▶ [WHAT NEEDS TO BE DONE] The entries below should be output exactly as written.

(Dataset records)

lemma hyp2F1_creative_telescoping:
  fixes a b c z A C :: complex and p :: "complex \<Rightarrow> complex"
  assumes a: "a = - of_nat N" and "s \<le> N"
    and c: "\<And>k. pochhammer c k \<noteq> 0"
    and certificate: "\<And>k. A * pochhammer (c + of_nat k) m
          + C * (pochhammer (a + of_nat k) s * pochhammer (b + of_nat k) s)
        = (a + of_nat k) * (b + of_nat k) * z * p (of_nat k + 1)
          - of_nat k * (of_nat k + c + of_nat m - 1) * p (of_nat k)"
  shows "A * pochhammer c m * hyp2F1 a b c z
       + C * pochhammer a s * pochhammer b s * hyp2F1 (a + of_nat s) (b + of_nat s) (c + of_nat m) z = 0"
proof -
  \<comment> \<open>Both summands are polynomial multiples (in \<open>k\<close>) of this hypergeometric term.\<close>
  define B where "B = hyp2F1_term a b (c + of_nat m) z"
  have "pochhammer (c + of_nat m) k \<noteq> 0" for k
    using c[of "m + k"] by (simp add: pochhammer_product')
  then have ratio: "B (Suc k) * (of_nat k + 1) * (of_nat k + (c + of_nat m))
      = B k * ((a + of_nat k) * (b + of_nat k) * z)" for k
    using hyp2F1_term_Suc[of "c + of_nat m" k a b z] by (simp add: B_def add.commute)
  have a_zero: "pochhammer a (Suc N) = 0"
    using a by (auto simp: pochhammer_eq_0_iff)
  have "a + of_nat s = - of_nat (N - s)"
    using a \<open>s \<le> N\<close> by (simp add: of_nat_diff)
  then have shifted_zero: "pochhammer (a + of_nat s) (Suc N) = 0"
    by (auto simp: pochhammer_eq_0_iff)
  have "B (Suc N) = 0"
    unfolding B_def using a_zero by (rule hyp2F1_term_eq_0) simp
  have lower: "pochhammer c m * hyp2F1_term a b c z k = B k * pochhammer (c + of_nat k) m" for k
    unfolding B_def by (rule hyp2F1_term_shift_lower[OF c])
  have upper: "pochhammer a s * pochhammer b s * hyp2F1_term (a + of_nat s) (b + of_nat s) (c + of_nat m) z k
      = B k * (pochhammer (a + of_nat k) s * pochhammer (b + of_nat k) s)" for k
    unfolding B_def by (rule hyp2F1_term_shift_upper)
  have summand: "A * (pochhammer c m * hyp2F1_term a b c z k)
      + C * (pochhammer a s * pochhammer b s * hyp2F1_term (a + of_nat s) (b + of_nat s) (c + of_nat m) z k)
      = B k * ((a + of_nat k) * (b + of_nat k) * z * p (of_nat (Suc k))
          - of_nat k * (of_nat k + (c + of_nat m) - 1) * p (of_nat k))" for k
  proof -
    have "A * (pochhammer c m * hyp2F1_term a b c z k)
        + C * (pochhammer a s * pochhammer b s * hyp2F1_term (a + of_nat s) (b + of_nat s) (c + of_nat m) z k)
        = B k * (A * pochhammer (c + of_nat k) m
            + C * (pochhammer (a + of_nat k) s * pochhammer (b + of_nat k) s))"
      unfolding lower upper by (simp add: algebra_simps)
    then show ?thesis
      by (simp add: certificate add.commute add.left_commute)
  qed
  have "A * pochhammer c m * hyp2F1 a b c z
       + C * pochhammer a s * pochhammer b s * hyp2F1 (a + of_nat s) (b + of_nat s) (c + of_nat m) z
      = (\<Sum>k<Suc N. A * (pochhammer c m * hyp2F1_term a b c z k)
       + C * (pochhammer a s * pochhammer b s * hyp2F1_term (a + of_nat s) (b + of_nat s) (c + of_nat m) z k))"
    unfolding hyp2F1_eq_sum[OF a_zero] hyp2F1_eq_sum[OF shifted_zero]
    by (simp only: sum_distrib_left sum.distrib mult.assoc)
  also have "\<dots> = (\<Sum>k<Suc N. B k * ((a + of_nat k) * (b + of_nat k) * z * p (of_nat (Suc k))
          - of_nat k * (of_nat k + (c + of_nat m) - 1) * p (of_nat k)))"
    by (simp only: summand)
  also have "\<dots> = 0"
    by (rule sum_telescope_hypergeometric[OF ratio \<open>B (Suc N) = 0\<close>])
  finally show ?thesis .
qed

▶ [REPLY TO THE TASK]
lemma hyp2F1_creative_telescoping:
  fixes a b c z A C :: complex and p :: "complex \<Rightarrow> complex"
  assumes a: "a = - of_nat N" and "s \<le> N"
    and c: "\<And>k. pochhammer c k \<noteq> 0"
    and certificate: "\<And>k. A * pochhammer (c + of_nat k) m
          + C * (pochhammer (a + of_nat k) s * pochhammer (b + of_nat k) s)
        = (a + of_nat k) * (b + of_nat k) * z * p (of_nat k + 1)
          - of_nat k * (of_nat k + c + of_nat m - 1) * p (of_nat k)"
  shows "A * pochhammer c m * hyp2F1 a b c z
       + C * pochhammer a s * pochhammer b s * hyp2F1 (a + of_nat s) (b + of_nat s) (c + of_nat m) z = 0"
proof -
  \<comment> \<open>Both summands are polynomial multiples (in \<open>k\<close>) of this hypergeometric term.\<close>
  define B where "B = hyp2F1_term a b (c + of_nat m) z"
  have "pochhammer (c + of_nat m) k \<noteq> 0" for k
    using c[of "m + k"] by (simp add: pochhammer_product')
  then have ratio: "B (Suc k) * (of_nat k + 1) * (of_nat k + (c + of_nat m))
      = B k * ((a + of_nat k) * (b + of_nat k) * z)" for k
    using hyp2F1_term_Suc[of "c + of_nat m" k a b z] by (simp add: B_def add.commute)
  have a_zero: "pochhammer a (Suc N) = 0"
    using a by (auto simp: pochhammer_eq_0_iff)
  have "a + of_nat s = - of_nat (N - s)"
    using a \<open>s \<le> N\<close> by (simp add: of_nat_diff)
  then have shifted_zero: "pochhammer (a + of_nat s) (Suc N) = 0"
    by (auto simp: pochhammer_eq_0_iff)
  have "B (Suc N) = 0"
    unfolding B_def using a_zero by (rule hyp2F1_term_eq_0) simp
  have lower: "pochhammer c m * hyp2F1_term a b c z k = B k * pochhammer (c + of_nat k) m" for k
    unfolding B_def by (rule hyp2F1_term_shift_lower[OF c])
  have upper: "pochhammer a s * pochhammer b s * hyp2F1_term (a + of_nat s) (b + of_nat s) (c + of_nat m) z k
      = B k * (pochhammer (a + of_nat k) s * pochhammer (b + of_nat k) s)" for k
    unfolding B_def by (rule hyp2F1_term_shift_upper)
  have summand: "A * (pochhammer c m * hyp2F1_term a b c z k)
      + C * (pochhammer a s * pochhammer b s * hyp2F1_term (a + of_nat s) (b + of_nat s) (c + of_nat m) z k)
      = B k * ((a + of_nat k) * (b + of_nat k) * z * p (of_nat (Suc k))
          - of_nat k * (of_nat k + (c + of_nat m) - 1) * p (of_nat k))" for k
  proof -
    have "A * (pochhammer c m * hyp2F1_term a b c z k)
        + C * (pochhammer a s * pochhammer b s * hyp2F1_term (a + of_nat s) (b + of_nat s) (c + of_nat m) z k)
        = B k * (A * pochhammer (c + of_nat k) m
            + C * (pochhammer (a + of_nat k) s * pochhammer (b + of_nat k) s))"
      unfolding lower upper by (simp add: algebra_simps)
    then show ?thesis
      by (simp add: certificate add.commute add.left_commute)
  qed
  have "A * pochhammer c m * hyp2F1 a b c z
       + C * pochhammer a s * pochhammer b s * hyp2F1 (a + of_nat s) (b + of_nat s) (c + of_nat m) z
      = (\<Sum>k<Suc N. A * (pochhammer c m * hyp2F1_term a b c z k)
       + C * (pochhammer a s * pochhammer b s * hyp2F1_term (a + of_nat s) (b + of_nat s) (c + of_nat m) z k))"
    unfolding hyp2F1_eq_sum[OF a_zero] hyp2F1_eq_sum[OF shifted_zero]
    by (simp only: sum_distrib_left sum.distrib mult.assoc)
  also have "\<dots> = (\<Sum>k<Suc N. B k * ((a + of_nat k) * (b + of_nat k) * z * p (of_nat (Suc k))
          - of_nat k * (of_nat k + (c + of_nat m) - 1) * p (of_nat k)))"
    by (simp only: summand)
  also have "\<dots> = 0"
    by (rule sum_telescope_hypergeometric[OF ratio \<open>B (Suc N) = 0\<close>])
  finally show ?thesis .
qed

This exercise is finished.